» TASK DIRECTIONS: Copy out each line of the data that holds the word "obtain".

*** Opening of THE INPUT ***

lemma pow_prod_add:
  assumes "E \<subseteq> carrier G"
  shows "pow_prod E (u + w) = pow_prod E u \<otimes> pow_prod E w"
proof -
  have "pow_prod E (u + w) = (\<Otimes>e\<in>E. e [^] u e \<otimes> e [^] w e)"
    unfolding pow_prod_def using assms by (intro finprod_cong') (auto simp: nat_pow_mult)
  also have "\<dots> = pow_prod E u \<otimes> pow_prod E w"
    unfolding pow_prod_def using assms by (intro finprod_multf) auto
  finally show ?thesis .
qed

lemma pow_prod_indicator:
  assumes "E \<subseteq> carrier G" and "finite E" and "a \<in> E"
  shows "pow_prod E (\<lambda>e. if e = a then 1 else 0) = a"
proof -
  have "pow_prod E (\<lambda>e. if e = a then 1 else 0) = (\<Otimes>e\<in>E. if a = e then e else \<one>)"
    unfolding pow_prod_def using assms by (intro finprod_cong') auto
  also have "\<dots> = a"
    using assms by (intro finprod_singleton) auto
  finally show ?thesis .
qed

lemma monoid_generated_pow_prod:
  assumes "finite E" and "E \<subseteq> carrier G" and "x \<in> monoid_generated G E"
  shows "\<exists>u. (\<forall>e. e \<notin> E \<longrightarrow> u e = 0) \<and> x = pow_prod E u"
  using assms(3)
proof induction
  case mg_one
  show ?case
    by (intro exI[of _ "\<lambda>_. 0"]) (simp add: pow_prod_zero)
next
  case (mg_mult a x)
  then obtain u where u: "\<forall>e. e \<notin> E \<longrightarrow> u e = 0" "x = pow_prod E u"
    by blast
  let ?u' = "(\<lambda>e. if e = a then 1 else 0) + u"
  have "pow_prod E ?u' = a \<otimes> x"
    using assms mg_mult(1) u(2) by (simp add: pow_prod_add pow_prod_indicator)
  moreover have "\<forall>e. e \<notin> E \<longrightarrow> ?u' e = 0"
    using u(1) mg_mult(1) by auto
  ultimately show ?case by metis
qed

*** Close of THE INPUT ***
*** Opening of THE INPUT ***

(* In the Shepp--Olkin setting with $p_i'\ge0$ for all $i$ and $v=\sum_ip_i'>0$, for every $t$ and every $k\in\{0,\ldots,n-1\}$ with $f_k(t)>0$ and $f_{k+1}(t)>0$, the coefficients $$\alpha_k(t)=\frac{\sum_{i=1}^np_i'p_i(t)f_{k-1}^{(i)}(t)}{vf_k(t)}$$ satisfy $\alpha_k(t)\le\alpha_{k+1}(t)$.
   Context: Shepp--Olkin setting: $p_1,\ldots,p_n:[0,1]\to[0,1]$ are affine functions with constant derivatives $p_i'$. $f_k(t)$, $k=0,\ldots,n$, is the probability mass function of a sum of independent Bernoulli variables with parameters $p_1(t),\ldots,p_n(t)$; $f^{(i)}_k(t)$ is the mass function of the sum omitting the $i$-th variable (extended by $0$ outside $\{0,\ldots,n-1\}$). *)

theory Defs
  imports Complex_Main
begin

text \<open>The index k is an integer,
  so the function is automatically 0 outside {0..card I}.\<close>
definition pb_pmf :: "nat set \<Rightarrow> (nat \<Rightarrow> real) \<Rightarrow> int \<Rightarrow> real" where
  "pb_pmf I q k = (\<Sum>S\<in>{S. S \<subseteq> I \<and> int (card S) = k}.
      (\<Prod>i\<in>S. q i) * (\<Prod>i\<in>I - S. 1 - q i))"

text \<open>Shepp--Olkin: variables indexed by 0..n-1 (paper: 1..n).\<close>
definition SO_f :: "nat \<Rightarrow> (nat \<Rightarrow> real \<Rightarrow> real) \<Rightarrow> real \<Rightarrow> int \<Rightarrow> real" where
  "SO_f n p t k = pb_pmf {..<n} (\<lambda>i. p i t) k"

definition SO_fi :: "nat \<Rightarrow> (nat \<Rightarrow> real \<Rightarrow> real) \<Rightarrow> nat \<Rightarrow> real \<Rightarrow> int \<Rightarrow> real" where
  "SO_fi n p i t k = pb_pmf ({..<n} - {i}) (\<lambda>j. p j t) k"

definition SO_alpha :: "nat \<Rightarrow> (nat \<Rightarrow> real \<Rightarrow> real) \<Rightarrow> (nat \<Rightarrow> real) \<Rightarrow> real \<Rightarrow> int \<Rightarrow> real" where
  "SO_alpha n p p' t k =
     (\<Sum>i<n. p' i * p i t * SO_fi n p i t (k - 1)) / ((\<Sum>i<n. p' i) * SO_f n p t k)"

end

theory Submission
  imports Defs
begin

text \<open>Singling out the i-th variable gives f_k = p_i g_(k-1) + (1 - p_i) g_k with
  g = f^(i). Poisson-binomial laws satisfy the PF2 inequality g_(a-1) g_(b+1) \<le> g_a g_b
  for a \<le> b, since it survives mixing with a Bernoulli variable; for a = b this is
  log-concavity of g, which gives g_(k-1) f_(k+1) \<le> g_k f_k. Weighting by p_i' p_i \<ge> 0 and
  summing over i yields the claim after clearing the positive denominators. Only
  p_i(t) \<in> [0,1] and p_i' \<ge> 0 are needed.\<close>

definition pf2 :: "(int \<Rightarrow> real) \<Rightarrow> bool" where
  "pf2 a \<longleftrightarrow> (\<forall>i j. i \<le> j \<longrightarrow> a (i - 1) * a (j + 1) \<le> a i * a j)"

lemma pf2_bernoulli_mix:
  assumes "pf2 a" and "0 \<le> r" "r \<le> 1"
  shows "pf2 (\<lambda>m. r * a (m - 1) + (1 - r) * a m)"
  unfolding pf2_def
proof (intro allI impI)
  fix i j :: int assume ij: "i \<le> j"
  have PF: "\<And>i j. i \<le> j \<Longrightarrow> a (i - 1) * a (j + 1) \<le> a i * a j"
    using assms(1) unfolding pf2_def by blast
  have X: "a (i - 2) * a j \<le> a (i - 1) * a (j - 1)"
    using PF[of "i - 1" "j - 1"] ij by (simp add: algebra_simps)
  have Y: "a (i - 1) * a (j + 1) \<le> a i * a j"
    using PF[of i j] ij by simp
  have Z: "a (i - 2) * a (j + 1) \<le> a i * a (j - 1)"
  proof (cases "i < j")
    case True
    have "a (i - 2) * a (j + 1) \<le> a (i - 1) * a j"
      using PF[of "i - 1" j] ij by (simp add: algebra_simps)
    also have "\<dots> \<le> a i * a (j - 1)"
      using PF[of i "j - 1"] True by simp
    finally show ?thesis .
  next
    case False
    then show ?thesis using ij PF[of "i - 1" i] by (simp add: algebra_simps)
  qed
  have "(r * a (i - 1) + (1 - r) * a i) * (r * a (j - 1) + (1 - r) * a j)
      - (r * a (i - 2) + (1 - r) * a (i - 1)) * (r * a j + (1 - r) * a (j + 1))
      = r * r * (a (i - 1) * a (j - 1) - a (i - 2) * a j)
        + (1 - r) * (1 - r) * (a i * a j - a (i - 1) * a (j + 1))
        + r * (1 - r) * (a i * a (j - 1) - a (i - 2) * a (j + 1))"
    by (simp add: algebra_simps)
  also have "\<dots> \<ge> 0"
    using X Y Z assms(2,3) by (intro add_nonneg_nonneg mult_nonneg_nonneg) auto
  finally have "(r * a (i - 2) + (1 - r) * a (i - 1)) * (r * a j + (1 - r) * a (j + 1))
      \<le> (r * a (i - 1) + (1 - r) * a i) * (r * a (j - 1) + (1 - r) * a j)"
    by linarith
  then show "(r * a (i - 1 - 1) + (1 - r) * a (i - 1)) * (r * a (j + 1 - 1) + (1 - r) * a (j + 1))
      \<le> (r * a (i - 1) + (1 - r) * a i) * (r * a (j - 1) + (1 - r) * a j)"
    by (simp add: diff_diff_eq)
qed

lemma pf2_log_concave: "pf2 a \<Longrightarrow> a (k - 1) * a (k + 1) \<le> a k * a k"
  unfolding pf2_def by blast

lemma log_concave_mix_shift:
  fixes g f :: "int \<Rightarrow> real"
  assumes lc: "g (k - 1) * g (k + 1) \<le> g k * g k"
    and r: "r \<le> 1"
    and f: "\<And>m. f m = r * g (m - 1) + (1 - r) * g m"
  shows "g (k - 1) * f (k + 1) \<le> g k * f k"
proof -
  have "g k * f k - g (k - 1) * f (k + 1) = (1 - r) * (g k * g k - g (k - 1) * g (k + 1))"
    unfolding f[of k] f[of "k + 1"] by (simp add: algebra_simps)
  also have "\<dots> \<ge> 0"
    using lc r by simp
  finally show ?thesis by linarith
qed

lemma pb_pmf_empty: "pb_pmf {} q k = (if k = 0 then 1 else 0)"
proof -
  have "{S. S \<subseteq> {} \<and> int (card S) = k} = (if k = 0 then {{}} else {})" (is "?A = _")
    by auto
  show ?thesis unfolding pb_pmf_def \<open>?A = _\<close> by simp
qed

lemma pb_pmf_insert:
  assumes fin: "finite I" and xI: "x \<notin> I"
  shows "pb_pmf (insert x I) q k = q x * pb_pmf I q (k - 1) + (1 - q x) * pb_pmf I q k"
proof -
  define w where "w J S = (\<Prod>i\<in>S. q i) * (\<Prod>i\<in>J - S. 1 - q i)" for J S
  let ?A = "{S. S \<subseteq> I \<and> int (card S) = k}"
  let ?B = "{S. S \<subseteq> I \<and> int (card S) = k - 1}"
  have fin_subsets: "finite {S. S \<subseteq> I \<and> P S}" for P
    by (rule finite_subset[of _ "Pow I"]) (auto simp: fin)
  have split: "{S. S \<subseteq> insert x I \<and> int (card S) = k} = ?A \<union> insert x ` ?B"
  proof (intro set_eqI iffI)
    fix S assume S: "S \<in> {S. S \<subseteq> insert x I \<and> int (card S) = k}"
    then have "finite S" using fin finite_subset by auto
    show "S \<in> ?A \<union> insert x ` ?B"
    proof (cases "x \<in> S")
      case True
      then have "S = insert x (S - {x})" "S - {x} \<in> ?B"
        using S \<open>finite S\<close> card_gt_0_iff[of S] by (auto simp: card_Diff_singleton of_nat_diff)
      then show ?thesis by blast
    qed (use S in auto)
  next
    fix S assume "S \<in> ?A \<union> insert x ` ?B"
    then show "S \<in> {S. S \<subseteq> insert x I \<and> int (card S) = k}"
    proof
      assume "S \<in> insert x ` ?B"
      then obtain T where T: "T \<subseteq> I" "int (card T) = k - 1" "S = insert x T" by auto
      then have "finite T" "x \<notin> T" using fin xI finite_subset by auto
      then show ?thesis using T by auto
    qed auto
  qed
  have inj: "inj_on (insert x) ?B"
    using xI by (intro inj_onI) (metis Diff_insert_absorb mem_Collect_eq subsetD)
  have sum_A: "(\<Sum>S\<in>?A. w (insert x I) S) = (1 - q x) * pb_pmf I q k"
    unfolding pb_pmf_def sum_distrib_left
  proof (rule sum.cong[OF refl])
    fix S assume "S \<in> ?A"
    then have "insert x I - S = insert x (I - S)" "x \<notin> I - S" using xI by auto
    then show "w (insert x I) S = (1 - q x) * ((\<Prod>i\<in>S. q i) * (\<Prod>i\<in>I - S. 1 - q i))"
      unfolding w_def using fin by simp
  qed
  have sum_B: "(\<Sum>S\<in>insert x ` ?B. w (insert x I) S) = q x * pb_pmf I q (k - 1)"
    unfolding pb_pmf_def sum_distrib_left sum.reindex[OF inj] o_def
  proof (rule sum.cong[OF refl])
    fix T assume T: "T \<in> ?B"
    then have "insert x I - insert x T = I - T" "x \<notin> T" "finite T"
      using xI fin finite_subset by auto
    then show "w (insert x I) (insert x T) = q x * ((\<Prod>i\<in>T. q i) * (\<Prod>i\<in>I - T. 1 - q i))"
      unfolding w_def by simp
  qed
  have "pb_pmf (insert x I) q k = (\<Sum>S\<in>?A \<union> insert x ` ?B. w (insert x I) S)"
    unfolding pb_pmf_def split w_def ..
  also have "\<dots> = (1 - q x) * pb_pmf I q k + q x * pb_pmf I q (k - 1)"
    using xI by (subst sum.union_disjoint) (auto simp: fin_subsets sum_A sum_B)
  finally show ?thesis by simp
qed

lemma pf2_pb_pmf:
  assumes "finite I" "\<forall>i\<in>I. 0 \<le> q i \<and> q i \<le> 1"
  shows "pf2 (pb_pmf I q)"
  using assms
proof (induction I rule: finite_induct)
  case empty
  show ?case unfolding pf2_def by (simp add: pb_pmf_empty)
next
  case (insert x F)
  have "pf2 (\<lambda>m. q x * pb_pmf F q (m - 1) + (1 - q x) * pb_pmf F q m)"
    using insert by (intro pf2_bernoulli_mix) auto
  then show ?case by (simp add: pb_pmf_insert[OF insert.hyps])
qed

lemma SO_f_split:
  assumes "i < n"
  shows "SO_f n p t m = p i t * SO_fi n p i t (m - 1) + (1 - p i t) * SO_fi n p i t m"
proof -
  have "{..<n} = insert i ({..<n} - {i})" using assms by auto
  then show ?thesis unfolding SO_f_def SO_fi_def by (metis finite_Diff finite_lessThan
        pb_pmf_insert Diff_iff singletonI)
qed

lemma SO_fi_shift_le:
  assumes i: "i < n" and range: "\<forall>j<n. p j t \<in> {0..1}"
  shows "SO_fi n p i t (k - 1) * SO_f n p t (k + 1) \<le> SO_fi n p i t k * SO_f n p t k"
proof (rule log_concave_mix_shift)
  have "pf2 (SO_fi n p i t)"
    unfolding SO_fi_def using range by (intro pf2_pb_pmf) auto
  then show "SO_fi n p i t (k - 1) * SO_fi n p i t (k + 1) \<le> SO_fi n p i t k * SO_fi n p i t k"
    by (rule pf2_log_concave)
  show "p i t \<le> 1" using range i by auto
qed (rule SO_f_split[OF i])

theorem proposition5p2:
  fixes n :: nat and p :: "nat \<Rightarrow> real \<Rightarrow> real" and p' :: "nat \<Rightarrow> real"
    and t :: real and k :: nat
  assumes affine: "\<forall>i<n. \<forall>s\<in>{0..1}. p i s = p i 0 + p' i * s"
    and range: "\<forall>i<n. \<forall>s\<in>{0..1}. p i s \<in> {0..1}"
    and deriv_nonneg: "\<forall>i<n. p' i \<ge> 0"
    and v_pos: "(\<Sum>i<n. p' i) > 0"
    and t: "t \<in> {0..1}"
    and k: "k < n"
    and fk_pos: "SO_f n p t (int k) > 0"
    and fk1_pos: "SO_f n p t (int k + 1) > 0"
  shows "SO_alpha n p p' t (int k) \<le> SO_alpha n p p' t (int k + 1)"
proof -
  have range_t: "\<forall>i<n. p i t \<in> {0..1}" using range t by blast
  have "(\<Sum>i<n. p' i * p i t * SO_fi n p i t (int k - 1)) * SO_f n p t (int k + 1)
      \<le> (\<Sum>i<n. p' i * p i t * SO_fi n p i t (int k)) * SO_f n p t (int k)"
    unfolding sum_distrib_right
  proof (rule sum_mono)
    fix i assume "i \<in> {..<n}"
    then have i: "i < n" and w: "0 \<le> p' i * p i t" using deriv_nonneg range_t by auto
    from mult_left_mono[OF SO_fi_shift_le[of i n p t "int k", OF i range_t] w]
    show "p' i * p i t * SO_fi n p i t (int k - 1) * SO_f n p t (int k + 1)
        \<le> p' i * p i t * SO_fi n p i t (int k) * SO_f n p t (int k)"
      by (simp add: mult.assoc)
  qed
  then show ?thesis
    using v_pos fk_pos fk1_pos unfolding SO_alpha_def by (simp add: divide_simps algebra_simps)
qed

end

*** Close of THE INPUT ***

» THE COMPLETED TASK:
  then obtain u where u: "\<forall>e. e \<notin> E \<longrightarrow> u e = 0" "x = pow_prod E u"
      then obtain T where T: "T \<subseteq> I" "int (card T) = k - 1" "S = insert x T" by auto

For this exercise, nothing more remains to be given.